La Virée classique (which translates as “a classical turn,” but officially rendered as “A Cool Classical Journey“) presented 20 45-minute concerts in the various halls and spaces that make up Montreal’s downtown Place des Arts, including the orchestra’s new Maison symphonique home. The fun began at 11 a.m.

Tickets were priced from $10 to $30 for serious programming that featured the MSO, its new Chamber Choir and guests, including the New Orford Quartet, the Canadian Brass, violinist Christian Tetzlaff, cellists Tanja Tetzlaff and Stéphane Tétrault, pianists Lars Vogt, Olga Gross and Marc-André Hamelin, and sopranos Aline Kutan and Marianne Fiset.

Gingras’ account started with a positive flourish: 15,000 people had attended, snapping up 95 per cent of the tickets. The critic noted that audiences at the 10 concerts he popped in on were made up mostly of older people, but populated with younger faces as well. More importantly, listeners were notable for their silent attention.

At this point, a critic faces some choices. Print space is always limited, so the practical solution is to produce an overall picture, focusing on one or two particularly fine (or awful) musical moments, providing some context for what made them so. Alternatively, the critic can write out a list that, by its nature, is not very descriptive.

Gingras chose the latter, turning his day’s musical promenade into the critic’s equivalent of a series of drive-by shootings.
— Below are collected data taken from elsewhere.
lemma merge_cycle_infinite_orbit:
  assumes mc: "merge_cycle D es"
  shows "\<exists>x. infinite (range (\<lambda>j. (token_step D ^^ j) (es ! 0, x)))"
proof -
  let ?F = "token_step D" and ?n = "length es"
  have n: "0 < ?n"
    using mc by (simp add: merge_cycle_def is_cycle_def)
  obtain c where c: "length c = ?n" "\<And>x. (?F ^^ ?n) (es ! 0, x) = (es ! 0, prepend c x)"
    using merge_cycle_token_steps[OF mc, of ?n] by auto
  have c_ne: "c \<noteq> []"
    using c(1) n by auto
  have rounds: "(?F ^^ (r * ?n)) (es ! 0, x) = (es ! 0, prepend (concat (replicate r c)) x)" for r x
  proof (induction r)
    case (Suc r)
    have "(?F ^^ (Suc r * ?n)) (es ! 0, x) = (?F ^^ ?n) ((?F ^^ (r * ?n)) (es ! 0, x))"
      by (simp add: funpow_add_apply[symmetric] add.commute)
    then show ?case
      using Suc c(2) by (simp add: prepend_append)
  qed simp
  obtain a c' where ac: "c = a # c'"
    using c_ne by (cases c) auto
  define x0 where "x0 = (\<lambda>_::nat. \<not> a)"
  have "inj (\<lambda>r. (?F ^^ (r * ?n)) (es ! 0, x0))"
    using inj_prepend_power[OF ac] unfolding rounds x0_def by (simp add: inj_def)
  then have "infinite (range (\<lambda>r. (?F ^^ (r * ?n)) (es ! 0, x0)))"
    using finite_imageD by blast
  moreover have "range (\<lambda>r. (?F ^^ (r * ?n)) (es ! 0, x0)) \<subseteq> range (\<lambda>j. (?F ^^ j) (es ! 0, x0))"
    by auto
  ultimately show ?thesis
    using finite_subset by blast
qed

section \<open>The diagram \<open>D\<^sub>0(g)\<close>\<close>

definition at_root :: "token \<Rightarrow> bool" where
  "at_root st \<longleftrightarrow> fst st = MOut []"

abbreviation root_weight :: "token \<Rightarrow> nat" where
  "root_weight \<equiv> of_bool \<circ> at_root"

lemma at_root_root: "at_root (MOut [], y)"
  by (simp add: at_root_def)

lemma tp_up_eq_SIn_iff: "tp_up w = SIn u \<longleftrightarrow> w = [] \<and> u = []"
  by (auto simp: tp_up_def)

lemma tp_up_eq_MIn_iff: "tp_up v = MIn w c \<longleftrightarrow> v = w @ [c]"
  by (cases v rule: rev_cases) (auto simp: tp_up_def)

locale thompson_element =
  fixes Tm Tp :: tree and \<sigma> :: "nat \<Rightarrow> nat"
  assumes length_leaves: "length (leaves Tm) = length (leaves Tp)"
    and bij: "bij_betw \<sigma> {..<length (leaves Tm)} {..<length (leaves Tm)}"
    and Tm_not_Leaf: "Tm \<noteq> Leaf"
begin

abbreviation "N \<equiv> length (leaves Tm)"
abbreviation "g \<equiv> velem Tm Tp \<sigma>"
abbreviation "D\<^sub>0 \<equiv> D0 Tm Tp \<sigma>"
abbreviation "F \<equiv> token_step D\<^sub>0"

lemma Tp_not_Leaf: "Tp \<noteq> Leaf"
  using length_leaves Tm_not_Leaf length_leaves_eq_1_iff by metis

lemma sigma_less: "i < N \<Longrightarrow> \<sigma> i < N"
  using bij bij_betwE by blast

lemma sigma_inj: "i < N \<Longrightarrow> j < N \<Longrightarrow> \<sigma> i = \<sigma> j \<Longrightarrow> i = j"
  using bij bij_betw_imp_inj_on inj_onD by (metis lessThan_iff)

lemma sigma_leaf: "i < N \<Longrightarrow> leaves Tp ! \<sigma> i \<in> set (leaves Tp) \<and> leaves Tp ! \<sigma> i \<noteq> []"
  using sigma_less[of i] length_leaves Nil_notin_leaves[OF Tp_not_Leaf] by (metis nth_mem)

lemma sigma_leaf_inj: "i < N \<Longrightarrow> j < N \<Longrightarrow> leaves Tp ! \<sigma> i = leaves Tp ! \<sigma> j \<Longrightarrow> i = j"
  using sigma_less sigma_inj length_leaves nth_eq_iff_index_eq[OF distinct_leaves] by metis

lemma leaf_index: "i < N \<Longrightarrow> (THE j. j < N \<and> leaves Tm ! j = leaves Tm ! i) = i"
  using distinct_leaves[of Tm] by (auto simp: nth_eq_iff_index_eq)

definition leaf_image :: "bool list \<Rightarrow> bool list" where
  "leaf_image a = leaves Tp ! \<sigma> (THE i. i < N \<and> leaves Tm ! i = a)"

lemma leaf_image_nth: "i < N \<Longrightarrow> leaf_image (leaves Tm ! i) = leaves Tp ! \<sigma> i"
  by (simp add: leaf_image_def leaf_index)

lemma leaf_image_in_leaves:
  "a \<in> set (leaves Tm) \<Longrightarrow> leaf_image a \<in> set (leaves Tp) \<and> leaf_image a \<noteq> []"
  using sigma_leaf leaf_image_nth by (auto simp: in_set_conv_nth)

lemma leaf_image_inj:
  "a \<in> set (leaves Tm) \<Longrightarrow> a' \<in> set (leaves Tm) \<Longrightarrow> leaf_image a = leaf_image a' \<Longrightarrow> a = a'"
  using sigma_leaf_inj leaf_image_nth by (auto simp: in_set_conv_nth) (metis sigma_leaf_inj)

lemma D0_simps:
  "sS D\<^sub>0 = inodes Tm" "sM D\<^sub>0 = inodes Tp" "sloops D\<^sub>0 = {#}"
  "slb D\<^sub>0 p = of_bool (p = MOut [])" "stg D\<^sub>0 (MOut w) = tp_up w"
  using Tm_not_Leaf length_leaves_eq_1_iff[of Tm] by (auto simp: D0_def)

lemma stg_D0_SOut:
  "stg D\<^sub>0 (SOut u b) = (if u @ [b] \<in> inodes Tm then SIn (u @ [b]) else tp_up (leaf_image (u @ [b])))"
  by (simp add: D0_def leaf_image_def)

lemma stg_D0_inner: "u @ [b] \<in> inodes Tm \<Longrightarrow> stg D\<^sub>0 (SOut u b) = SIn (u @ [b])"
  by (simp add: stg_D0_SOut)

lemma stg_D0_leaf:
  assumes "i < N" "leaves Tm ! i = u @ [b]"
  shows "stg D\<^sub>0 (SOut u b) = MIn (butlast (leaves Tp ! \<sigma> i)) (last (leaves Tp ! \<sigma> i))"
proof -
  have "u @ [b] \<notin> inodes Tm"
    using assms leaf_notin_inodes nth_mem by metis
  then show ?thesis
    using assms leaf_image_nth[of i] sigma_leaf[of i] by (simp add: stg_D0_SOut tp_up_def)
qed

lemma F_inner: "u @ [b] \<in> inodes Tm \<Longrightarrow> F (SOut u b, x) = (SOut (u @ [b]) (x 0), \<lambda>k. x (Suc k))"
  by (simp add: token_step_SIn stg_D0_inner)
When my head stopped spinning, I was furious.

Fans of traditional print journalism accuse bloggers of impudence and lack of depth, but the bloggers I know and follow would be ashamed to cast out smears camouflaged as criticism. Yes, Gingras liked some performances, but didn’t explain those occasions any better than the ones he hated.

Here are some examples:

The Tetzlaffs and Vogt in Dvorák’s Op. 65 Trio played “with the best intentions, but without convincing me, as do musicians from the Slavic tradition.”

Le Bal masqé by Poulenc was “a nullity,” its text “absurd” and the singer “a sub-Souzay” (what’s that supposed to mean?).

Hamelin’s transcription of a Bach G-minor Prelude and Fugue for organ was “heavy and useless.”

Later, he returns to the Tetzlaffs in Beethoven’s Triple Concerto (with Vogt), dismissing their playing with a word that can translate either as gnashings or creakings.

If you can read French, help yourself to the full review here.

If this is what print reviews have come to, then bring on the bloggers.

I know that M. Gingras is not representative of the vast majority of professional critics and reviewers. So I have a few questions for you, gentle reader:

Do you secretly love to read scathing reviews?

Would it have been preferable for Gingras to focus on one or two things and, perhaps, just accentuate the positive? Or is a quill dipped in a tincture of vitriol part of what keeps criticism vital?